> WHAT THE EXERCISE ASKS: When a line in the entries below contains the word "thesis", copy that line.

[Data items]
┄┄┄┄┄┄┄┄┄┄┄┄┄┄┄┄┄┄┄┄
lemma symmetric_rank_one_sqrt:
  fixes p11 p12 p22 \<mu> s :: complex
  assumes rk: "p11 * p22 = p12 * p12" and s: "s^2 = p11 + 2*\<mu>*p12 + \<mu>^2*p22" "s \<noteq> 0"
  shows "((p11 + \<mu>*p12) / s)^2 = p11" "(p11 + \<mu>*p12) / s * ((p12 + \<mu>*p22) / s) = p12"
    "((p12 + \<mu>*p22) / s)^2 = p22"
proof -
  have "(p11 + \<mu>*p12)^2 = p11 * s^2" "(p11 + \<mu>*p12) * (p12 + \<mu>*p22) = p12 * s^2"
    "(p12 + \<mu>*p22)^2 = p22 * s^2"
    unfolding s(1) using rk by (simp_all add: algebra_simps power2_eq_square)
  then show "((p11 + \<mu>*p12) / s)^2 = p11" "(p11 + \<mu>*p12) / s * ((p12 + \<mu>*p22) / s) = p12"
    "((p12 + \<mu>*p22) / s)^2 = p22"
    using s(2) by (simp_all add: power_divide field_simps power2_eq_square)
qed

subsection \<open>Null curves without flex points\<close>

locale null_curve =
  fixes I :: "real set" and D :: "nat \<Rightarrow> real \<Rightarrow> cmat2"
  assumes interval: "open_interval I"
    and deriv: "\<And>n t. t \<in> I \<Longrightarrow> (D n has_vector_derivative D (Suc n) t) (at t)"
    and hermitian_D0: "\<And>t. t \<in> I \<Longrightarrow> hermitian (D 0 t)"
    and det_D0: "\<And>t. t \<in> I \<Longrightarrow> det (D 0 t) = -1"
    and null: "\<And>t. t \<in> I \<Longrightarrow> lor (D 1 t) (D 1 t) = 0"
    and no_flex: "\<And>t a b. t \<in> I \<Longrightarrow>
      a *\<^sub>R D 1 t + b *\<^sub>R (D 2 t - lor (D 2 t) (D 0 t) *\<^sub>R D 0 t) = 0 \<Longrightarrow> a = 0 \<and> b = 0"
begin

lemma open_I: "open I" and convex_I: "convex I" and nonempty_I: "I \<noteq> {}"
  using interval unfolding open_interval_def by (auto simp: is_interval_convex)

lemma deriv_0: "t \<in> I \<Longrightarrow> (D 0 has_vector_derivative D 1 t) (at t)"
  using deriv[of t 0] by simp

lemma deriv_1: "t \<in> I \<Longrightarrow> (D 1 has_vector_derivative D 2 t) (at t)"
  using deriv[of t 1] by (simp add: numeral_2_eq_2)

lemma deriv_entry: "t \<in> I \<Longrightarrow> ((\<lambda>s. D n s $ i $ j) has_vector_derivative D (Suc n) t $ i $ j) (at t)"
  by (rule has_vector_derivative_entry[OF deriv])

lemma deriv_entry_0: "t \<in> I \<Longrightarrow> ((\<lambda>s. D 0 s $ i $ j) has_vector_derivative D 1 t $ i $ j) (at t)"
  using deriv_entry[of t 0] by simp

lemma deriv_entry_1: "t \<in> I \<Longrightarrow> ((\<lambda>s. D 1 s $ i $ j) has_vector_derivative D 2 t $ i $ j) (at t)"
  using deriv_entry[of t 1] by (simp add: numeral_2_eq_2)

lemma hermitian_D: "t \<in> I \<Longrightarrow> hermitian (D n t)"
proof (induction n arbitrary: t)
  case 0 then show ?case by (rule hermitian_D0)
next
  case (Suc n)
  have "adj (D (Suc n) t) = D (Suc n) t"
  proof (rule has_vector_derivative_unique_on[OF open_I Suc.prems])
    show "adj (D n s) = D n s" if "s \<in> I" for s using Suc.IH[OF that] by (simp add: hermitian_def)
  qed (use has_vector_derivative_adj deriv Suc.prems in auto)
  then show ?case by (simp add: hermitian_def)
qed

lemma det_D1: "t \<in> I \<Longrightarrow> det (D 1 t) = 0"
proof -
  assume t: "t \<in> I"
  have "Re (det (D 1 t)) = 0" using null[OF t] by (simp add: lor_eq_det_polar det_polar_self)
  with cnj_det_hermitian[OF hermitian_D[OF t]] show ?thesis
    by (metis Re_complex_of_real cnj_eq_imp_of_real_Re of_real_0)
qed

lemma det_polar_D0_D1: "t \<in> I \<Longrightarrow> det_polar (D 0 t) (D 1 t) = 0"
  by (rule has_vector_derivative_const_on[OF open_I _ det_D0 has_vector_derivative_det[OF deriv_0]])

lemma det_polar_D1_D2: "t \<in> I \<Longrightarrow> det_polar (D 1 t) (D 2 t) = 0"
  by (rule has_vector_derivative_const_on[OF open_I _ det_D1 has_vector_derivative_det[OF deriv_1]])

lemma det_polar_D0_D2: "t \<in> I \<Longrightarrow> det_polar (D 0 t) (D 2 t) = 0"
proof -
  assume t: "t \<in> I"
  have "det_polar (D 1 t) (D 1 t) + det_polar (D 0 t) (D 2 t) = 0"
    by (rule has_vector_derivative_const_on[OF open_I t det_polar_D0_D1
          has_vector_derivative_det_polar[OF deriv_0[OF t] deriv_1[OF t]]])
  then show ?thesis using det_D1[OF t] by (simp add: det_polar_self)
qed

lemma D1_D2_independent: "t \<in> I \<Longrightarrow> a *\<^sub>R D 1 t + b *\<^sub>R D 2 t = 0 \<Longrightarrow> a = 0 \<and> b = 0"
  using no_flex[of t a b] det_polar_D0_D2[of t] by (simp add: lor_eq_det_polar det_polar_commute)

lemma D1_nonzero: "t \<in> I \<Longrightarrow> D 1 t \<noteq> 0"
  using D1_D2_independent[of t 1 0] by auto

lemma Re_det_D2_neg: "t \<in> I \<Longrightarrow> Re (det (D 2 t)) < 0"
proof -
  assume t: "t \<in> I"
  show ?thesis
  proof (rule Re_det_neg_if_orthogonal_null[OF hermitian_D[OF t] hermitian_D[OF t] det_D1[OF t]
        D1_nonzero[OF t] det_polar_D1_D2[OF t]])
    fix l :: real show "D 2 t \<noteq> l *\<^sub>R D 1 t"
    proof
      assume "D 2 t = l *\<^sub>R D 1 t"
      then have "(-l) *\<^sub>R D 1 t + 1 *\<^sub>R D 2 t = 0" by simp
      from D1_D2_independent[OF t this] show False by simp
    qed
  qed
qed

text \<open>A nonzero null vector is not orthogonal to the timelike identity matrix.\<close>

lemma Re_trace_D1_nonzero: "t \<in> I \<Longrightarrow> Re (D 1 t $1$1 + D 1 t $2$2) \<noteq> 0"
proof
  assume t: "t \<in> I" and z: "Re (D 1 t $1$1 + D 1 t $2$2) = 0"
  define p r q where "p = Re (D 1 t $1$1)" "r = Re (D 1 t $2$2)" "q = D 1 t $1$2"
  have A: "D 1 t = mat2 (complex_of_real p) q (cnj q) (complex_of_real r)"
    unfolding p_r_q_def by (rule hermitian_eq_mat2[OF hermitian_D[OF t]])
  have d: "p*r = (Re q)^2 + (Im q)^2"
    using arg_cong[OF det_D1[OF t], of Re] unfolding A by (simp add: det_mat2 power2_eq_square)
  have "r = -p" using z unfolding A by simp
  then have "(Re q)^2 + (Im q)^2 + p^2 = 0" using d by (simp add: power2_eq_square)
  then have "p = 0" "q = 0" by (simp_all add: complex_eq_iff add_nonneg_eq_0_iff)
  then have "D 1 t = 0" using A \<open>r = -p\<close> by (simp add: zero_mat2)
  then show False using D1_nonzero[OF t] by simp
qed

end

lemma null_curve_no_flexE:
  assumes I: "open_interval I" and \<gamma>: "null_curve_no_flex I \<gamma>"
  obtains D where "D 0 = \<gamma>" "null_curve I D"
proof -
  have opI: "open I" using I by (simp add: open_interval_def)
  obtain D where D0: "D 0 = \<gamma>" and Dd: "\<And>n t. t \<in> I \<Longrightarrow> (D n has_vector_derivative D (Suc n) t) (at t)"
    using \<gamma> unfolding null_curve_no_flex_def smooth_on_def by blast
  have dS: "\<And>t. t \<in> I \<Longrightarrow> \<gamma> t \<in> deSitter"
    and nl: "\<And>t. t \<in> I \<Longrightarrow> lor (vector_derivative \<gamma> (at t)) (vector_derivative \<gamma> (at t)) = 0"
    and nf: "\<And>t a b. t \<in> I \<Longrightarrow> a *\<^sub>R vector_derivative \<gamma> (at t) + b *\<^sub>R cov_acc \<gamma> t = 0 \<Longrightarrow> a = 0 \<and> b = 0"
    using \<gamma> unfolding null_curve_no_flex_def by blast+
  have vd1: "vector_derivative \<gamma> (at t) = D 1 t" if "t \<in> I" for t
    using vector_derivative_at[OF Dd[OF that, of 0]] D0 by simp
  have cov: "cov_acc \<gamma> t = D 2 t - lor (D 2 t) (D 0 t) *\<^sub>R D 0 t" if t: "t \<in> I" for t
  proof -
    have "((\<lambda>s. vector_derivative \<gamma> (at s)) has_vector_derivative D 2 t) (at t)"
    proof (rule has_vector_derivative_transform_within_open[OF _ opI t])
      show "(D 1 has_vector_derivative D 2 t) (at t)" using Dd[OF t, of 1] by (simp add: numeral_2_eq_2)
    qed (use vd1 in simp)
    then have "vector_derivative (\<lambda>s. vector_derivative \<gamma> (at s)) (at t) = D 2 t"
      by (rule vector_derivative_at)
    then show ?thesis unfolding cov_acc_def D0 by (simp add: Let_def)
  qed
  have "null_curve I D"
  proof
    show "hermitian (D 0 t)" "det (D 0 t) = -1" if "t \<in> I" for t
      using dS[OF that] D0 by (simp_all add: deSitter_def)
    show "lor (D 1 t) (D 1 t) = 0" if "t \<in> I" for t using nl[OF that] vd1[OF that] by simp
    show "a = 0 \<and> b = 0"
      if "t \<in> I" "a *\<^sub>R D 1 t + b *\<^sub>R (D 2 t - lor (D 2 t) (D 0 t) *\<^sub>R D 0 t) = 0" for t a b
      using nf[OF that(1), of a b] that(2) vd1[OF that(1)] cov[OF that(1)] by simp
  qed (use I Dd in auto)
  then show ?thesis using that D0 by blast
qed

subsection \<open>The pseudo-arc density\<close>

context null_curve
begin

definition entry_funs :: "(real \<Rightarrow> complex) set" where
  "entry_funs = {(\<lambda>t. D n t $ i $ j) | n i j. True}"

lemma entry_in_star_alg: "(\<lambda>t. D n t $ i $ j) \<in> star_alg entry_funs"
  unfolding entry_funs_def by (rule star_alg_base) blast

lemma deriv_closed_entry_funs: "deriv_closed_on I (star_alg entry_funs)"
proof (rule deriv_closed_on_star_alg)
  fix f assume "f \<in> entry_funs"
  then obtain n i j where f: "f = (\<lambda>t. D n t $ i $ j)" unfolding entry_funs_def by blast
  show "\<exists>g\<in>star_alg entry_funs. \<forall>t\<in>I. (f has_vector_derivative g t) (at t)"
    unfolding f by (intro bexI[OF _ entry_in_star_alg[of "Suc n" i j]] ballI deriv_entry)
qed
┄┄┄┄┄┄┄┄┄┄┄┄┄┄┄┄┄┄┄┄
> TASK RESULT:
  with cnj_det_hermitian[OF hermitian_D[OF t]] show ?thesis
  then show ?thesis using det_D1[OF t] by (simp add: det_polar_self)
  show ?thesis
    then show ?thesis unfolding cov_acc_def D0 by (simp add: Let_def)
  then show ?thesis using that D0 by blast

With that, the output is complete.